What is a build?
In a programming context, a build is a version of a program that, as a rule, is a pre-release version and is identified by a build number rather than by a release number.
Simply put, a software build is a set of executable code that is ready for use by customers. The DevOps team compiles the source code, such as code in Java or C++, into binaries to make sure it's functional and test code quality before committing it.
Software is updated regularly until the maker decides to discontinue supporting it. This may entail a series of builds and many software releases to the public.
Iterative (repeated) builds, otherwise known as continuous integration, are an essential part of an optimal development process where application components are collected and repeatedly compiled for testing purposes to ensure a reliable final product.

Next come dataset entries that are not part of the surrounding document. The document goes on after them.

section \<open>Recurrence for the coefficients of the expansion of \<open>x^n\<close>\<close>

lemma xcoef_Suc_ratio:
  assumes j: "j = Suc J" and n: "n = 2 * J + 2 + r"
  shows "xcoef m s q (Suc n) j * (qint q (Suc r) * qint q (2 * (m + r + 1 + j)))
       = xcoef m s q n j * (qint q (Suc n) * qint q (2 * (m + r + 1)))"
proof -
  define c where "c = m + r + 1"
  have c1: "1 \<le> c" unfolding c_def by simp
  have Xn: "xcoef m s q n j = q ^ j * s ^ j * qfact q n
                              / (qfact q r * qfact_even q j * qrise_even q c j)"
    by (rule xcoef_closed) (use j n c_def in presburger)+
  have XSuc: "xcoef m s q (Suc n) j = q ^ j * s ^ j * qfact q (Suc n)
                              / (qfact q (Suc r) * qfact_even q j * qrise_even q (Suc c) j)"
    by (rule xcoef_closed) (use j n c_def in presburger)+
  have shift: "qrise_even q (Suc c) j = qrise_even q c j * qint q (2 * (c + j)) / qint q (2 * c)"
    using qrise_even_shift[of q c j] c1 by (simp add: field_simps)
  show ?thesis unfolding Xn XSuc shift c_def[symmetric] qfact_Suc using c1
    by (simp add: field_simps)
qed

lemma xcoef_pred_ratio:
  assumes j: "j = Suc J" and n: "n = 2 * J + 2 + r"
  shows "rcoef m s q (n + 2 - 2 * j) * xcoef m s q n J * (qint q (Suc r) * qint q (2 * (m + r + 1 + j)))
       = xcoef m s q n j * (q ^ Suc r * qint q (2 * J + 2) * qint q (r + 2 * m + 1))"
proof -
  define c where "c = m + r + 1"
  have c1: "1 \<le> c" unfolding c_def by simp
  have Xn: "xcoef m s q n j = q ^ j * s ^ j * qfact q n
                              / (qfact q r * qfact_even q j * qrise_even q c j)"
    by (rule xcoef_closed) (use j n c_def in presburger)+
  have Xpred: "xcoef m s q n J = q ^ J * s ^ J * qfact q n
                              / (qfact q (Suc (Suc r)) * qfact_even q J * qrise_even q (Suc (Suc c)) J)"
    by (rule xcoef_closed) (use j n c_def in presburger)+
  have rc: "rcoef m s q (n + 2 - 2 * j) = s * q ^ Suc (Suc r) * qint q (Suc (Suc r)) * qint q (r + 2 * m + 1)
                                         / (qint q (2 * Suc c) * qint q (2 * c))"
  proof -
    have e: "n + 2 - 2 * j = Suc (Suc r)" "2 * m + 2 * Suc (Suc r) = 2 * Suc c"
      "2 * Suc c - 2 = 2 * c" "Suc (Suc r) + 2 * m - 1 = r + 2 * m + 1"
      using n j unfolding c_def by simp_all
    show ?thesis unfolding e rcoef_def by simp
  qed
  have W: "qrise_even q c j = qint q (2 * c) * qint q (2 * Suc c) * qrise_even q (Suc (Suc c)) J
                              / qint q (2 * (c + j))"
    using qrise_even_shift[of q "Suc c" J] c1 unfolding j qrise_even_Suc_left
    by (simp add: field_simps)
  have E: "qfact_even q j = qfact_even q J * qint q (2 * J + 2)"
    unfolding j qfact_even_Suc by simp
  have P: "q ^ j = q ^ J * q" "s ^ j = s ^ J * s" unfolding j by simp_all
  show ?thesis unfolding Xn Xpred rc W E P qfact_Suc c_def[symmetric] using c1
    by (simp add: field_simps)
qed

text \<open>Generic case \<open>2j \<le> n\<close>, again by the exchange identity.\<close>
lemma xcoef_rec_interior:
  assumes j: "j = Suc J" and n: "n = 2 * J + 2 + r"
  shows "xcoef m s q (Suc n) j = xcoef m s q n j + rcoef m s q (n + 2 - 2 * j) * xcoef m s q n J"
proof -
  define D where "D = qint q (Suc r) * qint q (2 * (m + r + 1 + j))"
  define X where "X = q ^ Suc r * qint q (2 * J + 2) * qint q (r + 2 * m + 1)"
  have D0: "D \<noteq> 0" unfolding D_def by simp
  have exchange: "qint q (Suc n) * qint q (2 * (m + r + 1)) = D + X"
  proof -
    have "Suc r + (2 * J + 2) = Suc n" "r + 2 * m + 1 + Suc r = 2 * (m + r + 1)"
      "r + 2 * m + 1 + Suc r + (2 * J + 2) = 2 * (m + r + 1 + j)"
      using j n by simp_all
    then show ?thesis
      using qint_exchange[of q "Suc r" "2 * J + 2" "r + 2 * m + 1"] unfolding D_def X_def
      by (simp only:)
  qed
  have "xcoef m s q (Suc n) j * D
      = xcoef m s q n j * (qint q (Suc n) * qint q (2 * (m + r + 1)))"
    using xcoef_Suc_ratio[OF j n, of m s] unfolding D_def .
  also have "\<dots> = xcoef m s q n j * D + rcoef m s q (n + 2 - 2 * j) * xcoef m s q n J * D"
    using xcoef_pred_ratio[OF j n, of m s] unfolding exchange D_def X_def
    by (simp add: algebra_simps)
  finally show ?thesis using D0 by (simp add: distrib_right[symmetric])
qed

lemma xcoef_rec_edge:
  assumes j: "j = Suc J" and n: "n = 2 * J + 1"
  shows "xcoef m s q (Suc n) j = rcoef m s q (n + 2 - 2 * j) * xcoef m s q n J"
proof -
  define W where "W = qrise_even q (m + 2) J"
  have W0: "W \<noteq> 0" unfolding W_def by simp
  have xc_Suc: "xcoef m s q (Suc n) j = q ^ j * s ^ j * qfact q (Suc n)
                                      / (qfact q 0 * qfact_even q j * qrise_even q (m + 1) j)"
    by (rule xcoef_closed) (use j n in presburger)+
  have xc_n: "xcoef m s q n J = q ^ J * s ^ J * qfact q n / (qfact q 1 * qfact_even q J * W)"
    unfolding W_def by (rule xcoef_closed) (use j n in presburger)+
  have E1: "qfact_even q j = qfact_even q J * qint q (2 * J + 2)"
    unfolding j qfact_even_Suc by simp
  have W1: "qrise_even q (m + 1) j = qint q (2 * m + 2) * W"
    unfolding j qrise_even_Suc_left W_def by simp
  have F: "qfact q (Suc n) = qfact q n * qint q (2 * J + 2)" using qfact_Suc[of q n] n by simp
  have "qfact q 1 = 1" by (simp add: qfact_def qint_def)
  moreover have "n + 2 - 2 * j = 1" using n j by simp
  moreover have "rcoef m s q 1 = s * q / qint q (2 * m + 2)" by (simp add: rcoef_def)
  ultimately show ?thesis unfolding xc_Suc xc_n E1 W1 F unfolding j using W0
    by (simp add: field_simps)
qed

lemma xcoef_rec:
  "xcoef m s q (Suc n) j = xcoef m s q n j
     + (if j = 0 then 0 else rcoef m s q (n + 2 - 2 * j) * xcoef m s q n (j - 1))"
proof (cases j)
  case 0
  then show ?thesis by (simp add: xcoef_0)
next
  case (Suc J)
  have "n + 1 < 2 * j \<or> n = 2 * J + 1 \<or> 2 * J + 2 \<le> n"
    using Suc by linarith
  then consider (beyond) "n + 1 < 2 * j" | (edge) "n = 2 * J + 1"
    | (interior) r where "n = 2 * J + 2 + r"
    using le_Suc_ex by blast
  then show ?thesis
  proof cases
    case beyond
    then have "\<not> j \<le> n div 2" "\<not> j \<le> Suc n div 2" "J \<le> n div 2 \<longrightarrow> n + 2 - 2 * j = 0"
      using Suc by presburger+
    then show ?thesis using Suc by (auto simp add: xcoef_def rcoef_def)
  next
    case edge
    then show ?thesis using Suc xcoef_rec_edge[of j J n m s] by (simp add: xcoef_def)
  next
    case interior
    then show ?thesis using Suc xcoef_rec_interior[of j J n r m s] by simp
  qed
qed

section \<open>The three-term recurrence for \<open>v_n\<close>\<close>

lemma smult_sum_right: "smult c (sum f A) = (\<Sum>x\<in>A. smult c (f x))"
  by (induct A rule: infinite_finite_induct) (auto simp: smult_add_right)

lemma x_times_monom: "[:0, 1:] * smult c (monom (1::'a::field) k) = smult c (monom 1 (Suc k))"
  by (simp add: monom_Suc)

lemma vpoly_as_sum:
  assumes N: "n \<le> N"
  shows "vpoly m s q n = (\<Sum>k\<le>N. smult (vcoef m s q n k) (monom 1 (n - 2 * k)))"
proof (cases "n = 0")
  case True
  have "(\<Sum>k\<le>N. smult (vcoef m s q n k) (monom 1 (n - 2 * k))) = (\<Sum>k\<le>N. if k = 0 then 1 else 0)"
    by (rule sum.cong) (simp_all add: vcoef_def qfact_even_def qrise_even_def True)
  also have "\<dots> = 1" by (simp add: sum.delta')
  finally show ?thesis using True by (simp add: vpoly_def)
next
  case False
  have "vpoly m s q n = (\<Sum>k=0..n div 2. smult (vcoef m s q n k) (monom 1 (n - 2 * k)))"
    unfolding vpoly_def if_not_P[OF False]
    by (rule sum.cong[OF refl], subst vcoef_explicit) (use False in auto)
  also have "\<dots> = (\<Sum>k\<le>N. smult (vcoef m s q n k) (monom 1 (n - 2 * k)))"
    by (rule sum.mono_neutral_left) (use N in \<open>auto simp: vcoef_def\<close>)
  finally show ?thesis .
qed

lemma vcoef_rec_monom:
  "smult (vcoef m s q n k) (monom 1 (Suc (n - 2 * k))) =
     smult (vcoef m s q (Suc n) k) (monom 1 (Suc n - 2 * k)) +
     (if k = 0 then 0
      else smult (rcoef m s q n * vcoef m s q (n - 1) (k - 1)) (monom 1 (n - 1 - 2 * (k - 1))))"
proof -
  note R = vcoef_rec[of m s n k]
  consider "2 * k \<le> n" | "2 * k = n + 1" | "n + 1 < 2 * k" by linarith
  then show ?thesis
  proof cases
    case 1
    have e: "Suc (n - 2 * k) = Suc n - 2 * k" using 1 by simp
    show ?thesis
    proof (cases "k = 0")
      case True
      then show ?thesis using R by simp
    next
      case False
      have "n - 1 - 2 * (k - 1) = Suc n - 2 * k" using 1 False by simp
      then show ?thesis unfolding e using R False by (simp add: smult_add_left)
    qed
  next
    case 2
    have "Suc n - 2 * k = 0" "n - 1 - 2 * (k - 1) = 0" "vcoef m s q n k = 0" "k \<noteq> 0"
      using 2 by (simp_all add: vcoef_def)
    then show ?thesis using R by (simp add: smult_add_left[symmetric])
  next
    case 3
    then have "vcoef m s q n k = 0" "vcoef m s q (Suc n) k = 0" "k \<noteq> 0"
      by (auto simp add: vcoef_def)
    moreover from this have "rcoef m s q n * vcoef m s q (n - 1) (k - 1) = 0"
      using R by simp
    ultimately show ?thesis by simp
  qed
qed

lemma vpoly_rec:
  "[:0, 1:] * vpoly m s q n = vpoly m s q (Suc n) + smult (rcoef m s q n) (vpoly m s q (n - 1))"
proof -
  have "[:0, 1:] * vpoly m s q n = (\<Sum>k\<le>Suc n. smult (vcoef m s q n k) (monom 1 (Suc (n - 2 * k))))"
    unfolding vpoly_as_sum[of n "Suc n", OF le_SucI[OF order_refl]] sum_distrib_left x_times_monom ..
  also have "\<dots> = (\<Sum>k\<le>Suc n. smult (vcoef m s q (Suc n) k) (monom 1 (Suc n - 2 * k)))
     + (\<Sum>k\<le>Suc n. (if k = 0 then 0
          else smult (rcoef m s q n * vcoef m s q (n - 1) (k - 1)) (monom 1 (n - 1 - 2 * (k - 1)))))"
    unfolding vcoef_rec_monom sum.distrib ..
  also have "(\<Sum>k\<le>Suc n. (if k = 0 then 0
          else smult (rcoef m s q n * vcoef m s q (n - 1) (k - 1)) (monom 1 (n - 1 - 2 * (k - 1)))))
      = (\<Sum>k\<le>n. smult (rcoef m s q n * vcoef m s q (n - 1) k) (monom 1 (n - 1 - 2 * k)))"
    unfolding sum.atMost_Suc_shift by simp
  also have "\<dots> = smult (rcoef m s q n) (vpoly m s q (n - 1))"
    unfolding vpoly_as_sum[of "n - 1" n, OF diff_le_self] smult_sum_right by (simp add: smult_smult)
  finally show ?thesis using vpoly_as_sum[of "Suc n" "Suc n" m s, OF order_refl] by simp
qed

section \<open>Expansion of \<open>x^n\<close> in the basis \<open>v_n\<close>\<close>

lemma xcoef_vanish: "n < 2 * j \<Longrightarrow> xcoef m s q n j = 0"
  by (simp add: xcoef_def)

text \<open>Multiplying the expansion of \<open>x^n\<close> by \<open>x\<close>, the \<open>v_(n+1-2j)\<close> terms and the shifted
  \<open>g v_(n-1-2j)\<close> terms recombine by \<open>xcoef_rec\<close>.\<close>
lemma monom_expansion: "monom 1 n = (\<Sum>j\<le>n. smult (xcoef m s q n j) (vpoly m s q (n - 2 * j)))"
proof (induction n)
  case 0
  then show ?case by (simp add: xcoef_0 vpoly_def)
next
  case (Suc n)
  let ?B = "xcoef m s q n" and ?v = "vpoly m s q"
  have "monom 1 (Suc n) = [:0, 1:] * monom (1::'a) n" using x_times_monom[of 1 n] by simp
  also have "\<dots> = (\<Sum>j\<le>n. smult (?B j) ([:0, 1:] * ?v (n - 2 * j)))"
    unfolding Suc.IH sum_distrib_left by (simp add: mult_smult_right)
  also have "\<dots> = (\<Sum>j\<le>n. smult (?B j) (?v (Suc (n - 2 * j))))
      + (\<Sum>j\<le>n. smult (rcoef m s q (n - 2 * j) * ?B j) (?v (n - 2 * j - 1)))"
    unfolding vpoly_rec smult_add_right sum.distrib by (simp add: smult_smult mult.commute)
  also have "(\<Sum>j\<le>n. smult (?B j) (?v (Suc (n - 2 * j))))
      = (\<Sum>j\<le>Suc n. smult (?B j) (?v (Suc n - 2 * j)))"
  proof -
    have "smult (?B j) (?v (Suc (n - 2 * j))) = smult (?B j) (?v (Suc n - 2 * j))" for j
      by (cases "2 * j \<le> n") (simp_all add: Suc_diff_le xcoef_vanish)
    then show ?thesis using xcoef_vanish[of n "Suc n"] by simp
  qed
  also have "(\<Sum>j\<le>n. smult (rcoef m s q (n - 2 * j) * ?B j) (?v (n - 2 * j - 1)))
     = (\<Sum>j\<le>Suc n. (if j = 0 then 0
          else smult (rcoef m s q (n + 2 - 2 * j) * ?B (j - 1)) (?v (Suc n - 2 * j))))"
  proof -
    have "\<And>i. n + 2 - 2 * Suc i = n - 2 * i" "\<And>i. Suc n - 2 * Suc i = n - 2 * i - 1"
      by simp_all
    then show ?thesis unfolding sum.atMost_Suc_shift by (simp del: mult_Suc_right)
  qed
  also have "(\<Sum>j\<le>Suc n. smult (?B j) (?v (Suc n - 2 * j)))
     + (\<Sum>j\<le>Suc n. (if j = 0 then 0
          else smult (rcoef m s q (n + 2 - 2 * j) * ?B (j - 1)) (?v (Suc n - 2 * j))))
     = (\<Sum>j\<le>Suc n. smult (xcoef m s q (Suc n) j) (?v (Suc n - 2 * j)))"
    unfolding sum.distrib[symmetric] by (rule sum.cong[OF refl]) (simp add: xcoef_rec smult_add_left)
  finally show ?case .
qed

Additionally, build tools enable developers to automate some programming tasks to further streamline the process.
Types of builds
There are two types of software builds to be aware of:
- A full build. This build process is performed from scratch, whereby the source code files are compiled and checked for the first time.
- An incremental build. As the name suggests, this build process stacks on the previous build. The source codes and dependencies are checked based on the changes to the build.
The process for a build consists of a collection of operations that differs depending on the programming language and operating system used, but the underlying notion remains the same.
Here is an example of the process followed by a software development team when building software:
- Find the source code from an open source repository such as GitHub.
- Use a build tool like Ant, Maven or Gradle to compile the code.
- Debug the code and check for dependencies.
- Run different versions of the build and conduct unit tests.
- Link the relevant files and send notifications to the stakeholders.